Ancien Regime Changeling - The American Spectator | USA News and Politics
Ancien Regime Changeling
by

It’s like that joke about the hot dog vendor outside the bank. Business is brisk as he services the employees of three office buildings. One day an old friend stops by and asks if he can spot him twenty bucks until Tuesday. “Sorry, Phil,” he says. “It would be a violation of my deal with the bank.” “Really, how’s that?” The street peddler explains: “They promised not to sell hot dogs and I promised not to lend money.”

We had hoped that when we attacked Iraq and left Iran in business, this would be the agreement: they could sell the Persian rugs while we handle the regional statesmanship. Instead the vaporings of Ahmadinejad on all matters great and small echo bizarrely through the bazaar.

Still, it doesn’t do to acknowledge his blithering blather. King Solomon wrote (Proverbs 26:4,5): “Don’t answer a fool according to his folly, lest you also be like him. Answer a fool according to his folly, lest he be wise in his own eyes.” The major commentators explain this to mean that you need to make a judgment. If the foolish argument is advanced in a hostile and thoughtless way, then don’t engage or you end up in a shouting match. If he advances it in an intellectual way, then you need to engage, so he does not walk away thinking that he won a debate. Clearly, Ahmadinejad, by that standard, should best be ignored.

But his most recent outburst, whether founded in the garrulous froth of madness or some Machiavellian manufacture of regional tension, is worth our analysis and response. Not because we need to engage him but because there is an absolutely fascinating historical lesson coupled with an exquisite irony, and it serves us well to see that they register.

For some time, he has been tarring Israel as an “illegitimate regime.” This has provided a handy new tag phrase for Arab and other agitators, and a quick Google search yields oceans of prose as stilted and purple as Barney the Dinosaur. (The Iranians are not Arabs but Persians. According to Biblical history and Jewish tradition, the Persians stem from Japheth, the third son of Noah, while the Arabs descend from Ishmael, son of Abraham, whose line originates with Shem, first son of Noah.) Several days ago, he added a new wrinkle: Israel is an arbitrary transplant from another continent in contravention of two thousand years of Middle East history.

Well, the Talmud says: “People who insult others use their own flaws for insults.” All of us have, at one time or another, been called ignorant by the ignorant and selfish by the selfish. Well, how about this for a classic example of that phenomenon? Ahmadinejad is casting aspersions on a regime for being out of synch with the past two millennia. Okay, let’s have a look at his own little operation.

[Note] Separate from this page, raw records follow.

lemma dotp_Fvecs_mem: "c \<in> Fvecs F k \<Longrightarrow> v \<in> Fvecs F k \<Longrightarrow> dotp k c v \<in> F"
  unfolding dotp_def Fvecs_def by (auto intro!: sum_mem mult_mem)

lemma unit_vec_Fvecs: "r < k \<Longrightarrow> unit_vec r \<in> Fvecs F k"
  by (auto simp: Fvecs_def unit_vec_def)

lemma mat_rows_Fvecs: "\<forall>r<k'. \<forall>s<k. P r s \<in> F \<Longrightarrow> r < k' \<Longrightarrow> mat_rows k P r \<in> Fvecs F k"
  by (simp add: mat_rows_def Fvecs_def)

lemma mat_cols_Fvecs: "\<forall>r<k'. \<forall>s<k. P r s \<in> F \<Longrightarrow> s < k \<Longrightarrow> mat_cols k' P s \<in> Fvecs F k'"
  by (simp add: mat_cols_def Fvecs_def)

lemma F_subspace_Fvecs: "F_subspace F (Fvecs F k)"
  by (auto simp: F_subspace_def Fvecs_def)

lemma F_subspace_annihilator: "F_subspace F (annihilator F k m u)"
  using F_subspace_Fvecs
  by (auto simp: F_subspace_def annihilator_def dotp_def algebra_simps sum.distrib
      sum_distrib_left[symmetric])

lemma lincomb_mem:
  assumes "F_subspace F K" "\<forall>r<m. v r \<in> K" "\<forall>r<m. c r \<in> F"
  shows "lincomb m v c \<in> K"
  using assms(2,3)
proof (induction m)
  case 0
  then show ?case using assms(1) by (simp add: lincomb_def F_subspace_def)
next
  case (Suc m)
  have "lincomb (Suc m) v c = (\<lambda>j. lincomb m v c j + c m * v m j)"
    by (simp add: lincomb_def)
  then show ?case using Suc assms(1) by (simp add: F_subspace_def)
qed

lemma fcomb_subset: "F_subspace F K \<Longrightarrow> \<forall>r<m. v r \<in> K \<Longrightarrow> fcomb F m v \<subseteq> K"
  by (auto simp: fcomb_lincomb intro: lincomb_mem)

lemma family_mem_fcomb: "r < m \<Longrightarrow> v r \<in> fcomb F m v"
proof -
  assume "r < m"
  then have "v r = lincomb m v (unit_vec r)"
    by (simp add: lincomb_def sum_unit_vec)
  then show ?thesis by (auto simp: fcomb_lincomb unit_vec_def)
qed

lemma fcomb_Suc_intro:
  assumes "x \<in> fcomb F m v" "a \<in> F"
  shows "(\<lambda>j. x j + a * v m j) \<in> fcomb F (Suc m) v"
proof -
  obtain c where c: "\<forall>r<m. c r \<in> F" "x = lincomb m v c"
    using assms(1) by (auto simp: fcomb_lincomb)
  have "(\<lambda>j. x j + a * v m j) = lincomb (Suc m) v (c(m := a))"
    using c(2) by (auto simp: lincomb_def intro!: sum.cong)
  moreover have "\<forall>r<Suc m. (c(m := a)) r \<in> F"
    using c(1) assms(2) by (simp add: less_Suc_eq)
  ultimately show ?thesis by (auto simp: fcomb_lincomb)
qed

lemma dotp_fcomb_eq_0: "\<forall>l<m. dotp k c (u l) = 0 \<Longrightarrow> w \<in> fcomb F m u \<Longrightarrow> dotp k c w = 0"
  by (auto simp: fcomb_lincomb dotp_lincomb_right)

lemma inj_on_lincomb: "F_indep F m v \<Longrightarrow> inj_on (lincomb m v) (Fvecs F m)"
proof (rule inj_onI)
  fix x y assume indep: "F_indep F m v" and xy: "x \<in> Fvecs F m" "y \<in> Fvecs F m"
    and eq: "lincomb m v x = lincomb m v y"
  have "lincomb m v (\<lambda>r. x r - y r) = (\<lambda>j. 0)" using eq by (simp add: lincomb_diff)
  moreover have "\<forall>r<m. x r - y r \<in> F" using xy by (auto simp: Fvecs_def)
  moreover have "(\<forall>r<m. x r - y r \<in> F) \<longrightarrow> lincomb m v (\<lambda>r. x r - y r) = (\<lambda>j. 0)
      \<longrightarrow> (\<forall>r<m. x r - y r = 0)"
    using indep unfolding F_indep_lincomb by (rule spec)
  ultimately have "\<forall>r<m. x r - y r = 0" by blast
  then have "\<forall>r<m. x r = y r" by simp
  show "x = y"
  proof
    fix r show "x r = y r"
      using xy \<open>\<forall>r<m. x r = y r\<close> by (cases "r < m") (auto simp: Fvecs_def)
  qed
qed

lemma F_basis_image_iff:
  assumes T: "\<And>d. T (lincomb m p d) = lincomb m (\<lambda>r. T (p r)) d"
    and inj: "inj_on T K" and K: "F_subspace F K" and p: "\<forall>r<m. p r \<in> K"
  shows "F_basis F m (\<lambda>r. T (p r)) (T ` K) \<longleftrightarrow> F_basis F m p K"
proof -
  have sub: "fcomb F m p \<subseteq> K" using fcomb_subset[OF K p] .
  have "fcomb F m (\<lambda>r. T (p r)) = T ` fcomb F m p"
    by (simp add: fcomb_lincomb setcompr_eq_image image_image T)
  then have span: "fcomb F m (\<lambda>r. T (p r)) = T ` K \<longleftrightarrow> fcomb F m p = K"
    using inj sub by (simp add: inj_on_image_eq_iff)
  have "lincomb m (\<lambda>r. T (p r)) d = (\<lambda>j. 0) \<longleftrightarrow> lincomb m p d = (\<lambda>j. 0)"
    if "\<forall>r<m. d r \<in> F" for d
  proof -
    have "T (\<lambda>j. 0) = (\<lambda>j. 0)" using T[of "\<lambda>_. 0"] by simp
    moreover have "lincomb m p d \<in> K" using that sub by (auto simp: fcomb_lincomb)
    moreover have "(\<lambda>j. 0) \<in> K" using K by (simp add: F_subspace_def)
    ultimately show ?thesis using inj_on_eq_iff[OF inj] T[of d] by metis
  qed
  then have "F_indep F m (\<lambda>r. T (p r)) \<longleftrightarrow> F_indep F m p"
    unfolding F_indep_lincomb by auto
  with span show ?thesis by (simp add: F_basis_def)
qed

lemma field_basis_coeffs_eq:
  assumes "is_field_basis F h \<alpha>" "\<forall>l<h. a l \<in> F" "\<forall>l<h. b l \<in> F"
    "(\<Sum>l<h. a l * \<alpha> l) = (\<Sum>l<h. b l * \<alpha> l)" "l < h"
  shows "a l = b l"
proof -
  have "(\<Sum>l<h. (a l - b l) * \<alpha> l) = 0"
    using assms(4) by (simp add: left_diff_distrib sum_subtractf)
  moreover have "\<forall>l<h. a l - b l \<in> F" using assms(2,3) by auto
  moreover have "(\<forall>l<h. a l - b l \<in> F) \<longrightarrow> (\<Sum>l<h. (a l - b l) * \<alpha> l) = 0
      \<longrightarrow> (\<forall>l<h. a l - b l = 0)"
    using conjunct1[OF assms(1)[unfolded is_field_basis_def]] by (rule spec)
  ultimately have "\<forall>l<h. a l - b l = 0" by blast
  then show ?thesis using assms(5) by simp
qed

section \<open>The double annihilator theorem\<close>

lemma annihilator_Suc_combination:
  assumes c1: "c1 \<in> annihilator F k m u" "dotp k c1 (u m) \<noteq> 0"
    and c2: "c2 \<in> annihilator F k m u" and um: "u m \<in> Fvecs F k"
  defines "s \<equiv> dotp k c2 (u m) / dotp k c1 (u m)"
  shows "(\<lambda>j. c2 j - s * c1 j) \<in> annihilator F k (Suc m) u"
proof -
  have "c1 \<in> Fvecs F k" "c2 \<in> Fvecs F k" using c1(1) c2 by (simp_all add: annihilator_def)
  moreover from this have "s \<in> F" using um unfolding s_def by (intro divide_mem dotp_Fvecs_mem)
  ultimately have "(\<lambda>j. c2 j - s * c1 j) \<in> Fvecs F k"
    by (auto simp: Fvecs_def intro!: diff_mem mult_mem)
  moreover have "dotp k (\<lambda>j. c2 j - s * c1 j) (u l) = 0" if "l < Suc m" for l
  proof -
    have "dotp k (\<lambda>j. c2 j - s * c1 j) (u l) = dotp k c2 (u l) - s * dotp k c1 (u l)"
      by (rule dotp_diff_left)
    then show ?thesis using that c1 c2 by (auto simp: s_def annihilator_def less_Suc_eq)
  qed
  ultimately show ?thesis by (simp add: annihilator_def)
qed

lemma exists_annihilator_separating:
  assumes "\<forall>l<m. u l \<in> Fvecs F k" "v \<in> Fvecs F k" "v \<notin> fcomb F m u"
  shows "\<exists>c\<in>annihilator F k m u. dotp k c v \<noteq> 0"
  using assms
proof (induction m arbitrary: v)
  case 0
  then obtain r where r: "v r \<noteq> 0" by (auto simp: fcomb_zero)
  with 0(2) have "r < k" by (auto simp: Fvecs_def not_less[symmetric])
  with r show ?case
    by (intro bexI[of _ "unit_vec r"]) (auto simp: annihilator_def dotp_unit_vec unit_vec_Fvecs)
next
  case (Suc m)
  have u: "\<forall>l<m. u l \<in> Fvecs F k" and um: "u m \<in> Fvecs F k"
    using Suc.prems(1) by auto
  have "v \<notin> fcomb F m u"
    using Suc.prems(3) fcomb_Suc_intro[of v m u 0] by auto
  then obtain c1 where c1: "c1 \<in> annihilator F k m u" "dotp k c1 v \<noteq> 0"
    using Suc.IH[OF u Suc.prems(2)] by blast
  show ?case
  proof (cases "dotp k c1 (u m) = 0")
    case True
    then show ?thesis using c1 by (auto simp: annihilator_def less_Suc_eq)
  next
    case False
    (* Move v along u m into the hyperplane c1 = 0, separate it from u 0, ..., u (m - 1)
       by c2, and correct c2 by a multiple of c1 so that it also kills u m. *)
    define t where "t = dotp k c1 v / dotp k c1 (u m)"
    define v' where "v' = (\<lambda>j. v j - t * u m j)"
    have "t \<in> F" using c1(1) Suc.prems(2) um by (auto simp: t_def annihilator_def intro: dotp_Fvecs_mem)
    then have "v' \<in> Fvecs F k"
      using Suc.prems(2) um by (auto simp: v'_def Fvecs_def intro!: diff_mem mult_mem)
    moreover have "v' \<notin> fcomb F m u"
      using fcomb_Suc_intro[of v' m u t] \<open>t \<in> F\<close> Suc.prems(3) by (auto simp: v'_def)
    ultimately obtain c2 where c2: "c2 \<in> annihilator F k m u" "dotp k c2 v' \<noteq> 0"
      using Suc.IH[OF u] by blast
    define s where "s = dotp k c2 (u m) / dotp k c1 (u m)"
    have "dotp k (\<lambda>j. c2 j - s * c1 j) v = dotp k c2 v - s * dotp k c1 v"
      by (simp add: dotp_diff_left)
    also have "s * dotp k c1 v = t * dotp k c2 (u m)" by (simp add: s_def t_def)
    also have "dotp k c2 v - t * dotp k c2 (u m) = dotp k c2 v'"
      by (simp add: v'_def dotp_diff_right)
    finally have "dotp k (\<lambda>j. c2 j - s * c1 j) v \<noteq> 0" using c2(2) by simp
    moreover have "(\<lambda>j. c2 j - s * c1 j) \<in> annihilator F k (Suc m) u"
      unfolding s_def by (rule annihilator_Suc_combination[OF c1(1) False c2(1) um])
    ultimately show ?thesis by blast
  qed
qed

In 1979, his band of Islamic thugs deposed the last Shah, Reza Pahlavi. Shah was the Persian word for monarch, related to such historic titles as Caesar, Czar and Kaiser. (In the guttural Farsi enunciation, it comes out sounding like Shvah, which explains the Talmudic pun of referring to it as Shavur, meaning ‘broken’ in Hebrew.) The startling thing about this particular kingdom is that it enjoyed the longest consecutive reign in the recorded saga of mankind. Although their power was somewhat eclipsed by the suzerainty of the Ottomans, then the British, it is essentially correct to say that they ruled uninterrupted for 2500 years.

To review: first they were local. They built strength, made a power sharing deal with the Medes, and conquered Babylon (Iraq) about 150 years later. Since Babylon had destroyed the first Temple of Israel, the fate of the Jews was now under Persian control. King Cyrus of Persia gave permission to begin construction on the second Temple. The building was completed under King Darius, and most of the Jews moved back to Israel.

About a century later, the Greeks defeated Persia and stripped its holdings. Then came the Romans, who eventually demolished the second Temple. From that point forward, until the State of Israel emerged 1880 years later, the Jews never again had significant autonomy in their homeland.

So whose claim is weaker? Who is guiltier of spurning history? The Jews who reinstated the government that they lost long ago, but who made sure to rebuild it in ways that reflected the rhythms of the contemporary era? Or the Khomeini clones who tore down the last true monument to ancient civilization and who undid the modernity that that strikingly adaptable kingdom had embraced? Ahmadinejad and his gang managed to wipe out a great legacy and take their people back to the Dark Ages in one paradoxical maneuver.